Foto: Republika/Iman Firmansyah
Pasangan Nyono-Subaidi maju dalam Pilkada Kabupaten Jombang 2018.

REPUBLIKA.CO.ID, JOMBANG -- Bakal calon wakil bupati Jombang pendamping Bupati Nyono Suharli, yaitu Subaidi Muhtar mengaku adanya penangkapan oleh KPK pada pasangannya dirasa memberatkannya. "Pastilah berat bagi saya, tapi seberat apa pun saya akan hadapi," katanya di Jombang, Jawa Timur, Senin (5/2).

Subaidi mengatakan, dirinya dengan seluruh partai koalisi tetap optimistis menghadapi Pilkada Kabupaten Jombang . Tim sudah melakukan survei dan hasilnya partisipasi masyarakat dan dukungan tetap mengalir baik.

Subaidi juga mengaku, belum mengetahui kondisi terkini dari Bupati Nyono setelah ditetapkan sebagai tersangka oleh KPK. Pihaknya dengan seluruh partai koalisi juga tetap menghormati proses hukum yang saat ini masih berjalan dan berharap pasanganya di pilkada itu tetap tabah dan bersabar dalam menghadapi cobaan tersebut.

Ia juga menegaskan, dukungan ke partai hingga kini masih solid.

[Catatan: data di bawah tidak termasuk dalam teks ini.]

lemma holo_fun_frechet_derivative_uniform_limit:
  fixes H :: "nat \<Rightarrow> complex^'n \<Rightarrow> complex"
  assumes hol: "\<And>n. holo_fun D (H n)" and r: "0 < r" "cball z0 r \<subseteq> D"
    and UC: "uniformly_Cauchy_on (cball z0 r) H"
  obtains L where "\<And>w h. w \<in> ball z0 (r/2) \<Longrightarrow> (\<lambda>n. frechet_derivative (H n) (at w) h) \<longlonglongrightarrow> L w h"
    "\<And>\<eta>. \<eta> > 0 \<Longrightarrow> \<forall>\<^sub>F n in sequentially. \<forall>w\<in>ball z0 (r/2). \<forall>h.
                        norm (frechet_derivative (H n) (at w) h - L w h) \<le> \<eta> * norm h"
proof -
  note LC = holo_fun_frechet_derivative_uniformly_Cauchy[OF hol r UC]
  define L where "L w h = lim (\<lambda>n. frechet_derivative (H n) (at w) h)" for w h
  have limL: "(\<lambda>n. frechet_derivative (H n) (at w) h) \<longlonglongrightarrow> L w h" if w: "w \<in> ball z0 (r/2)" for w h
  proof -
    have "Cauchy (\<lambda>n. frechet_derivative (H n) (at w) h)"
    proof (rule CauchyI)
      fix e :: real assume e: "0 < e"
      have np: "0 < norm h + 1" by (simp add: add_nonneg_pos)
      have \<eta>: "0 < e / (norm h + 1)" and small: "e / (norm h + 1) * norm h < e"
        using e np by (simp_all add: field_simps)
      obtain N where "\<forall>m\<ge>N. \<forall>n\<ge>N. norm (frechet_derivative (H m) (at w) h -
          frechet_derivative (H n) (at w) h) \<le> e / (norm h + 1) * norm h"
        using LC[OF \<eta>] w by blast
      with small show "\<exists>M. \<forall>m\<ge>M. \<forall>n\<ge>M.
          norm (frechet_derivative (H m) (at w) h - frechet_derivative (H n) (at w) h) < e"
        by (meson le_less_trans)
    qed
    then show ?thesis by (simp add: L_def Cauchy_convergent_iff convergent_LIMSEQ_iff)
  qed
  have "\<forall>\<^sub>F n in sequentially. \<forall>w\<in>ball z0 (r/2). \<forall>h.
          norm (frechet_derivative (H n) (at w) h - L w h) \<le> \<eta> * norm h" if \<eta>: "\<eta> > 0" for \<eta>
  proof -
    obtain N where N: "\<forall>m\<ge>N. \<forall>n\<ge>N. \<forall>w\<in>ball z0 (r/2). \<forall>h.
        norm (frechet_derivative (H m) (at w) h - frechet_derivative (H n) (at w) h) \<le> \<eta> * norm h"
      using LC[OF \<eta>] by blast
    have "norm (frechet_derivative (H n) (at w) h - L w h) \<le> \<eta> * norm h"
      if "N \<le> n" "w \<in> ball z0 (r/2)" for n w h
      by (rule Lim_bounded[OF tendsto_norm[OF tendsto_diff[OF tendsto_const limL[OF that(2)]]], of N])
         (use N that in blast)
    then show ?thesis unfolding eventually_sequentially by blast
  qed
  with limL show thesis by (rule that)
qed

lemma holo_fun_uniform_limit_has_derivative:
  fixes H :: "nat \<Rightarrow> complex^'n \<Rightarrow> complex"
  assumes hol: "\<And>n. holo_fun D (H n)" and r: "0 < r" "cball z0 r \<subseteq> D"
    and UC: "uniformly_Cauchy_on (cball z0 r) H"
    and lim: "\<And>z. z \<in> ball z0 (r/2) \<Longrightarrow> (\<lambda>n. H n z) \<longlonglongrightarrow> g z"
  shows "\<exists>L. (g has_derivative L) (at z0) \<and> (\<forall>c x. L (c *s x) = c * L x) \<and>
               (\<forall>h. (\<lambda>n. frechet_derivative (H n) (at z0) h) \<longlonglongrightarrow> L h)"
proof -
  define S where "S = ball z0 (r/2)"
  have SD: "S \<subseteq> D" and z0S: "z0 \<in> S" and "open S" using r by (auto simp: S_def)
  obtain L where limL: "\<And>w h. w \<in> S \<Longrightarrow> (\<lambda>n. frechet_derivative (H n) (at w) h) \<longlonglongrightarrow> L w h"
    and nle: "\<And>\<eta>. \<eta> > 0 \<Longrightarrow> \<forall>\<^sub>F n in sequentially. \<forall>w\<in>S. \<forall>h.
                 norm (frechet_derivative (H n) (at w) h - L w h) \<le> \<eta> * norm h"
    unfolding S_def by (rule holo_fun_frechet_derivative_uniform_limit[OF hol r UC]) blast
  have derH: "(H n has_derivative frechet_derivative (H n) (at x)) (at x within S)" if "x \<in> S" for n x
    using SD that by (intro has_derivative_at_withinI[OF holo_funD(1)[OF hol]]) auto
  have limS: "(\<lambda>n. H n x) \<longlonglongrightarrow> g x" if "x \<in> S" for x
    using lim that unfolding S_def by blast
  obtain gt where gt: "\<forall>x\<in>S. (\<lambda>n. H n x) \<longlonglongrightarrow> gt x \<and> (gt has_derivative L x) (at x within S)"
    using has_derivative_sequence[OF convex_ball[of z0 "r/2", folded S_def] derH nle z0S limS[OF z0S]]
    by blast
  have eq: "gt x = g x" if "x \<in> S" for x
  proof -
    have "(\<lambda>n. H n x) \<longlonglongrightarrow> gt x" using gt that by blast
    then show ?thesis using limS[OF that] by (rule LIMSEQ_unique)
  qed
  have "(gt has_derivative L z0) (at z0 within S)" using gt z0S by blast
  then have "(gt has_derivative L z0) (at z0)" using at_within_open[OF z0S \<open>open S\<close>] by simp
  then have "(g has_derivative L z0) (at z0)"
    by (rule has_derivative_transform_within_open[OF _ \<open>open S\<close> z0S eq])
  moreover have "L z0 (c *s x) = c * L z0 x" for c x
  proof -
    have "(\<lambda>n. frechet_derivative (H n) (at z0) (c *s x)) \<longlonglongrightarrow> c * L z0 x"
      using tendsto_mult_left[OF limL[OF z0S, of x], of c] SD z0S
      by (simp add: holo_funD(2)[OF hol] subsetD)
    then show ?thesis using limL[OF z0S, of "c *s x"] LIMSEQ_unique by blast
  qed
  ultimately show ?thesis using limL[OF z0S] by (intro exI[of _ "L z0"]) blast
qed

lemma holo_fun_locally_uniform_limit:
  fixes H :: "nat \<Rightarrow> complex^'n \<Rightarrow> complex"
  assumes hol: "\<And>n. holo_fun D (H n)"
    and loc: "\<And>z. z \<in> D \<Longrightarrow> \<exists>r>0. cball z r \<subseteq> D \<and> uniformly_Cauchy_on (cball z r) H"
  obtains g where "holo_fun D g" "\<And>z. z \<in> D \<Longrightarrow> (\<lambda>n. H n z) \<longlonglongrightarrow> g z"
    "\<And>z h. z \<in> D \<Longrightarrow> (\<lambda>n. frechet_derivative (H n) (at z) h) \<longlonglongrightarrow> frechet_derivative g (at z) h"
proof -
  define g where "g z = lim (\<lambda>n. H n z)" for z
  have gl: "(\<lambda>n. H n z) \<longlonglongrightarrow> g z" if "z \<in> D" for z
    using loc[OF that] uniformly_Cauchy_imp_Cauchy[of _ H z]
    by (auto simp: g_def Cauchy_convergent_iff convergent_LIMSEQ_iff)
  have der: "\<exists>L. (g has_derivative L) (at z) \<and> (\<forall>c x. L (c *s x) = c * L x) \<and>
               (\<forall>h. (\<lambda>n. frechet_derivative (H n) (at z) h) \<longlonglongrightarrow> L h)" if z: "z \<in> D" for z
  proof -
    obtain r where r: "0 < r" "cball z r \<subseteq> D" "uniformly_Cauchy_on (cball z r) H"
      using loc[OF z] by blast
    have lim: "\<And>w. w \<in> ball z (r/2) \<Longrightarrow> (\<lambda>n. H n w) \<longlonglongrightarrow> g w" using r by (intro gl) auto
    show ?thesis by (rule holo_fun_uniform_limit_has_derivative[OF hol r lim])
  qed
  show thesis
  proof (rule that)
    show "holo_fun D g" unfolding holo_fun_def using der by blast
    show "(\<lambda>n. frechet_derivative (H n) (at z) h) \<longlonglongrightarrow> frechet_derivative g (at z) h" if "z \<in> D" for z h
      using der[OF that] frechet_derivative_at by blast
  qed (rule gl)
qed

theorem montel_holo_fun:
  fixes G :: "nat \<Rightarrow> complex^'n \<Rightarrow> complex"
  assumes D: "open D" and hol: "\<And>k. holo_fun D (G k)" and bd: "\<And>k z. z \<in> D \<Longrightarrow> norm (G k z) \<le> 1"
  obtains s g where "strict_mono s" "holo_fun D g" "\<And>z. z \<in> D \<Longrightarrow> (\<lambda>n. G (s n) z) \<longlonglongrightarrow> g z"
    "\<And>z h. z \<in> D \<Longrightarrow> (\<lambda>n. frechet_derivative (G (s n)) (at z) h) \<longlonglongrightarrow> frechet_derivative g (at z) h"
proof -
  obtain R where R: "countable R" "R \<subseteq> D" "D \<subseteq> closure R" by (rule separable)
  obtain s where s: "strict_mono s" "\<And>x. x \<in> R \<Longrightarrow> \<exists>l. (\<lambda>n. G (s n) x) \<longlonglongrightarrow> l"
    using function_convergent_subsequence[of R G 1, OF R(1)] bd R(2) by blast
  have "\<exists>r>0. cball z r \<subseteq> D \<and> uniformly_Cauchy_on (cball z r) (\<lambda>n. G (s n))" if z: "z \<in> D" for z
  proof -
    obtain e where e: "e > 0" "ball z e \<subseteq> D" using D z open_contains_ball by blast
    have "ball z (4 * (e/4)) \<subseteq> D" using e by simp
    with e(1) have "uniformly_Cauchy_on (cball z (e/4)) (\<lambda>n. G (s n))"
      by (intro holo_fun_bounded_uniformly_Cauchy_on_cball[OF hol bd R(2,3)])
         (use s(2) in \<open>auto simp: convergent_def\<close>)
    moreover have "cball z (e/4) \<subseteq> D" using e by (intro order.trans[OF _ e(2)]) (auto simp: subset_eq)
    ultimately show ?thesis using e(1) by (intro exI[of _ "e/4"]) auto
  qed
  then obtain g where "holo_fun D g" "\<And>z. z \<in> D \<Longrightarrow> (\<lambda>n. G (s n) z) \<longlonglongrightarrow> g z"
    "\<And>z h. z \<in> D \<Longrightarrow> (\<lambda>n. frechet_derivative (G (s n)) (at z) h) \<longlonglongrightarrow> frechet_derivative g (at z) h"
    using holo_fun_locally_uniform_limit[where H="\<lambda>n. G (s n)"] hol by blast
  with s(1) show thesis by (rule that)
qed

section \<open>The Schwarz--Pick lemma\<close>

abbreviation moebius :: "complex \<Rightarrow> complex \<Rightarrow> complex" where
  "moebius w \<equiv> Moebius_function 0 w"

lemma moebius_eq: "moebius w z = (z - w) / (1 - cnj w * z)"
  by (simp add: Moebius_function_simple)

lemma moebius_inverse: "norm w < 1 \<Longrightarrow> norm z < 1 \<Longrightarrow> moebius (-w) (moebius w z) = z"
  by (rule Moebius_function_compose) auto
lemma solution_integral_form:
  assumes sol: "is_solution t0 m p tau x T0"
    and a: "tau_inv t0 m tau T0 \<le> a" and ab: "a \<le> b"
  shows "((\<lambda>s. \<Sum>i=1..m. p i s * x (tau i s)) has_integral (x a - x b)) {a..b}"
proof -
  obtain x' where
    deriv: "\<And>t. t \<ge> tau_inv t0 m tau T0 \<Longrightarrow>
              (x has_real_derivative x' t) (at t within {tau_inv t0 m tau T0..})"
    and eq: "\<And>t. t \<ge> tau_inv t0 m tau T0 \<Longrightarrow> x' t + (\<Sum>i=1..m. p i t * x (tau i t)) = 0"
    using sol unfolding is_solution_def by blast
  have "(x' has_integral (x b - x a)) {a..b}"
  proof (rule fundamental_theorem_of_calculus[OF ab])
    fix s assume "s \<in> {a..b}"
    then have "(x has_real_derivative x' s) (at s within {a..b})"
      using deriv[of s] a by (auto intro: DERIV_subset)
    then show "(x has_vector_derivative x' s) (at s within {a..b})"
      by (simp add: has_real_derivative_iff_has_vector_derivative)
  qed
  then have "((\<lambda>s. - x' s) has_integral (x a - x b)) {a..b}"
    by (metis has_integral_neg minus_diff_eq)
  then show ?thesis
  proof (rule has_integral_eq[rotated])
    fix s assume "s \<in> {a..b}"
    then show "- x' s = (\<Sum>i=1..m. p i s * x (tau i s))"
      using eq[of s] a by (simp add: eq_neg_iff_add_eq_0)
  qed
qed

lemma is_solution_uminus:
  assumes "is_solution t0 m p tau x T0"
  shows "is_solution t0 m p tau (\<lambda>t. - x t) T0"
proof -
  from assms obtain x' where h: "T0 \<ge> t0" "continuous_on {T0..} x"
    "continuous_on {tau_inv t0 m tau T0..} x'"
    "\<And>t. t \<ge> tau_inv t0 m tau T0 \<Longrightarrow>
       (x has_real_derivative x' t) (at t within {tau_inv t0 m tau T0..}) \<and>
       x' t + (\<Sum>i=1..m. p i t * x (tau i t)) = 0"
    unfolding is_solution_def by blast
  show ?thesis unfolding is_solution_def
  proof (intro conjI exI[of _ "\<lambda>t. - x' t"] allI impI)
    show "T0 \<ge> t0" by fact
    show "continuous_on {T0..} (\<lambda>t. - x t)" using h(2) by (intro continuous_intros)
    show "continuous_on {tau_inv t0 m tau T0..} (\<lambda>t. - x' t)" using h(3) by (intro continuous_intros)
    fix t assume t: "t \<ge> tau_inv t0 m tau T0"
    show "((\<lambda>t. - x t) has_real_derivative - x' t) (at t within {tau_inv t0 m tau T0..})"
      using h(4)[OF t] by (intro DERIV_minus) auto
    show "- x' t + (\<Sum>i=1..m. p i t * - x (tau i t)) = 0"
      using h(4)[OF t] by (simp add: sum_negf)
  qed
qed

lemma delays_eventually_above:
  fixes tau :: "nat \<Rightarrow> real \<Rightarrow> real"
  assumes "\<And>i. i \<in> {1..m} \<Longrightarrow> filterlim (tau i) at_top at_top"
  obtains B where "B \<ge> A" "\<And>t i. t \<ge> B \<Longrightarrow> i \<in> {1..m} \<Longrightarrow> tau i t \<ge> C"
proof -
  have "\<forall>\<^sub>F t in at_top. \<forall>i\<in>{1..m}. tau i t \<ge> C"
    using assms unfolding filterlim_at_top by (intro eventually_ball_finite) auto
  then obtain B where "\<forall>t\<ge>B. \<forall>i\<in>{1..m}. tau i t \<ge> C"
    by (auto simp: eventually_at_top_linorder)
  then show ?thesis
    by (intro that[of "max A B"]) auto
qed

lemma solution_antitone:
  assumes sol: "is_solution t0 m p tau x T0"
    and T: "tau_inv t0 m tau T0 \<le> T" "t0 \<le> T"
    and p_nonneg: "\<And>i t. i \<in> {1..m} \<Longrightarrow> t \<ge> t0 \<Longrightarrow> p i t \<ge> 0"
    and delayed_nonneg: "\<And>i s. i \<in> {1..m} \<Longrightarrow> s \<ge> T \<Longrightarrow> x (tau i s) \<ge> 0"
  shows "antimono_on {T..} x"
proof (rule monotone_onI)
  fix a b assume ab: "a \<in> {T..}" "b \<in> {T..}" "a \<le> b"
  then have "((\<lambda>s. \<Sum>i=1..m. p i s * x (tau i s)) has_integral (x a - x b)) {a..b}"
    using solution_integral_form[OF sol] T by simp
  then have "0 \<le> x a - x b"
  proof (rule has_integral_nonneg)
    fix s assume "s \<in> {a..b}"
    then have "s \<ge> T" using ab by simp
    then show "0 \<le> (\<Sum>i=1..m. p i s * x (tau i s))"
      using p_nonneg delayed_nonneg T by (intro sum_nonneg mult_nonneg_nonneg) auto
  qed
  then show "x b \<le> x a" by simp
qed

Saat ini, seluruh partai koalisi fokus untuk persiapan Pilkada serta memenangkannnya.

"Persoalan dukungan tetap dan kami fokus di pilkada. Saya juga akan menggantikan seluruh peran di tahapan dan fungsi dari calon Bupati. Semua tahapan dan proses dinamika saya jalankan, peraturan mulai dari pengambilan, penetapan pasangan calon, nomor, dialog publik, kampanye dan seterusnya akan dilakukan atas nama pasangan," tuturnya, menjelaskan.

Dirinya juga sudah rapat berkali-kali dengan seluruh partai koalisi, terlebih lagi setelah ada kabar OTT yang terjadi pada pasangannya, yang juga Bupati Jombang, Nyono Suharli. "Kami sudah rapat berkali-kali dan kami yakin untuk terus konsolidasi. Sama sekali tidak memiliki rasa was-was dan tetap konsentrasi menangkan pilkada," ujarnya.

Pada Pilkada Kabupaten Jombang 2018, Bupati Nyono Suharli bergandengan dengan Subaidi Muhtar. Pasangan ini diusung beberapa partai yaitu Partai Golkar, PKS, PKB, PAN, serta Partai Nasdem dengan total kursi hingga 27 kursi di parlemen.

Penyidik KPK menangkap Bupati Jombang Nyono Suharli dalam operasi tangkap tangan (OTT) pada Sabtu (3/2). Ia ditangkap lantaran diduga menerima sejumlah uang suap terkait perizinan penempatan jabatan di Pemkab Jombang.

Suap itu diterima Nyono dari pelaksana tugas Kepala Dinas Kesehatan Pemkab Jombang, IN, agar bisa diangkat menjadi kepala dinas kesehatan definitif. Sumber suap diduga berasal dari hasil pungutan liar (pungli) perizinan pelayanan kesehatan di puskesmas. Total ada 34 puskesmas yang dipungut untuk mengumpulkan dana. Hasil pengumpulan sejak Juni 2017 mencapai Rp 434 juta.

Sementara itu, dari dana yang terkumpul lalu diserahkan oleh IN kepada Nyono secara bertahap. Yakni, sebesar Rp200 juta pada Desember 2017 dan Rp 50 juta, yang dibayar untuk iklan kampanye media di Jombang.